For some reason, normal people don’t like the idea of the guy taking a war memorial and using it as the backdrop for his political Christmas cards for a job he just vacated.

And by all the signs people in the province are genuinely fracked off about it.  In this corner, the post from Monday rocketed to wind up as the top post of the past 24 hours by a two-to-one margin.  Over at CBC’s online story, the two negative-for-Danny options  - “It’s inappropriate” or “It’s disrespectful” -  are together getting about 2,000 of the 4453 votes that were cast up until about 1845 hours local time.  More people have actually chosen the supposedly neutral choice – “It doesn’t matter to me” – than have selected the Danny-loving choice.

Danny’s fanboys are more than a bit peeved that this story is out there and that people aren’t loving the Old Man as much as they are supposedly supposed to.  They are trying every line from “it’s no biggie” to blaming the media. There’s some original stuff for ya.

The poor little darlings are clearly in a lather. 

And well they should be.

Their hero, the fellow for whom they have embarrassed themselves in public for almost a decade, frigged off on them with hardly any notice. One minute he was there;  the next he was in Florida soaking up the rays.  One minute they were happily clicking away at the VOCM question of the day, the next thing the talking points are gone and  he’s buggered off  leaving them to deal with this little embarrassing piece of egotistical excess. You’d be fried too is suddenly you were the guy at his high school reunion sporting at mullet at age 50.  That’s what the fanboys are looking like these days.

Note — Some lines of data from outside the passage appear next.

definition G_kappa_space :: "'a topology \<Rightarrow> 'k set \<Rightarrow> bool" where
  "G_kappa_space X K \<longleftrightarrow>
     (\<forall>F. (\<forall>V\<in>F. openin X V) \<and> card_lt F K \<and> topspace X \<inter> \<Inter>F \<noteq> {} \<longrightarrow>
        X interior_of (topspace X \<inter> \<Inter>F) \<noteq> {})"

definition kappa_Parovicenko :: "'a topology \<Rightarrow> 'k set \<Rightarrow> bool" where
  "kappa_Parovicenko X K \<longleftrightarrow>
     compact_space X \<and> Hausdorff_space X \<and> zero_dimensional X \<and>
     F_kappa_space X K \<and> G_kappa_space X K \<and>
     (\<forall>x\<in>topspace X. \<not> openin X {x})"

definition is_base :: "'a topology \<Rightarrow> 'a set set \<Rightarrow> bool" where
  "is_base X B \<longleftrightarrow> (\<forall>V\<in>B. openin X V) \<and>
     (\<forall>U. openin X U \<longrightarrow> (\<exists>F. F \<subseteq> B \<and> \<Union>F = U))"

definition weight_eq :: "'a topology \<Rightarrow> 'k set \<Rightarrow> bool" where
  "weight_eq X K \<longleftrightarrow> (\<exists>B. is_base X B \<and> card_eq B K) \<and>
     (\<forall>B. is_base X B \<longrightarrow> card_le K B)"

definition strong_butterfly_point :: "'a topology \<Rightarrow> 'a \<Rightarrow> bool" where
  "strong_butterfly_point X x \<longleftrightarrow>
     (\<exists>A B. openin X A \<and> openin X B \<and> A \<inter> B = {} \<and> A \<union> B = topspace X - {x} \<and>
        X closure_of A \<inter> X closure_of B = {x})"

end

theory Submission
  imports Defs
begin

unbundle cardinal_syntax

text \<open>A clopen set of a compact space is a finite union of members of a base, so there are at
  most \<open>\<kappa>\<close> clopen sets; list them as \<open>C k\<close>, \<open>k \<in> K\<close>, and well-order \<open>K\<close> in type \<open>\<kappa>\<close>. By transfinite
  recursion choose disjoint clopen sets \<open>P k\<close>, \<open>Q k\<close> not containing \<open>x\<close> such that \<open>P k\<close> misses the
  closure of \<open>V k = \<Union>j<k. Q j\<close> and \<open>Q k\<close> misses the closure of \<open>U k = \<Union>j<k. P j\<close>, with
  \<open>C k \<subseteq> P k \<union> Q k\<close> when \<open>x \<notin> C k\<close> and with both \<open>P k\<close> and \<open>Q k\<close> meeting \<open>C k\<close> when \<open>x \<in> C k\<close>.
  Since \<open>U k \<union> V k\<close> is a union of fewer than \<open>\<kappa>\<close> clopen sets, the \<open>F\<^sub>\<kappa>\<close>-property makes the closures
  of \<open>U k\<close> and \<open>V k\<close> disjoint, which settles the first case; in the second, the \<open>G\<^sub>\<kappa>\<close>-property and
  the absence of isolated points leave nonempty clopen room inside \<open>C k\<close>, away from \<open>x\<close> and from the
  closure of \<open>U k \<union> V k\<close>. The wings are \<open>A = \<Union>k. P k\<close> and \<open>B = \<Union>k. Q k\<close>.\<close>

lemma card_of_lists_ordLeq_infinite:
  assumes inf: "infinite B"
  shows "|lists B| \<le>o |B|"
proof -
  have len: "|{l \<in> lists B. length l = n}| \<le>o |B|" for n
  proof (induction n)
    case 0
    have "{l \<in> lists B. length l = 0} = {[]}" by auto
    moreover have "B \<noteq> {}" using inf by auto
    ultimately show ?case using card_of_singl_ordLeq by simp
  next
    case (Suc n)
    let ?S = "{l \<in> lists B. length l = n}"
    have sub: "{l \<in> lists B. length l = Suc n} \<subseteq> (\<lambda>(b,l). b#l) ` (B \<times> ?S)"
    proof
      fix l assume "l \<in> {l \<in> lists B. length l = Suc n}"
      then obtain b t where "l = b#t" "b \<in> B" "t \<in> ?S" by (cases l) auto
      then show "l \<in> (\<lambda>(b,l). b#l) ` (B \<times> ?S)" by force
    qed
    have "|{l \<in> lists B. length l = Suc n}| \<le>o |(\<lambda>(b,l). b#l) ` (B \<times> ?S)|"
      by (rule card_of_mono1[OF sub])
    also have "|(\<lambda>(b,l). b#l) ` (B \<times> ?S)| \<le>o |B \<times> ?S|"
      by (rule card_of_image)
    also have "|B \<times> ?S| \<le>o |B|"
      using card_of_Sigma_ordLeq_infinite[OF inf, of B "\<lambda>_. ?S"] Suc
        ordIso_imp_ordLeq[OF card_of_refl[of B]] by simp
    finally show ?case .
  qed
  have "lists B = (\<Union>n. {l \<in> lists B. length l = n})" by auto
  moreover have "|\<Union>n. {l \<in> lists B. length l = n}| \<le>o |B|"
    by (rule card_of_UNION_ordLeq_infinite[OF inf]) (use len infinite_iff_card_of_nat inf in auto)
  ultimately show ?thesis by simp
qed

But truthfully there’s really no surprise at the tacky choice for Christmas cards.

Really.

Anyone on the Premier Danny Christmas card list got at least one other Yule-turd greeting besides the one they got this year. In 2009, the card  was a piss-poorly photoshopped shot of Hisself near Churchill Falls.

DW_Xmas_2009

Remember the big Atlantic Premier’s meeting there last fall?  Danny waging war against the evil foreigners?  Invoking the spectre of Churchill Falls?

If you didn’t know better, you might be fooled into believing this shot was taken at the same time.  Take a closer look at the shot, the lighting and the edges of the Danny-figure and you can see he was cropped and dropped. The effect winds up looking like John Wayne walking into the sunset on a Vietnamese beach at the end of The Green Berets.

The fanboys can only hope this is the least embarrassing little mess the Old Man left behind.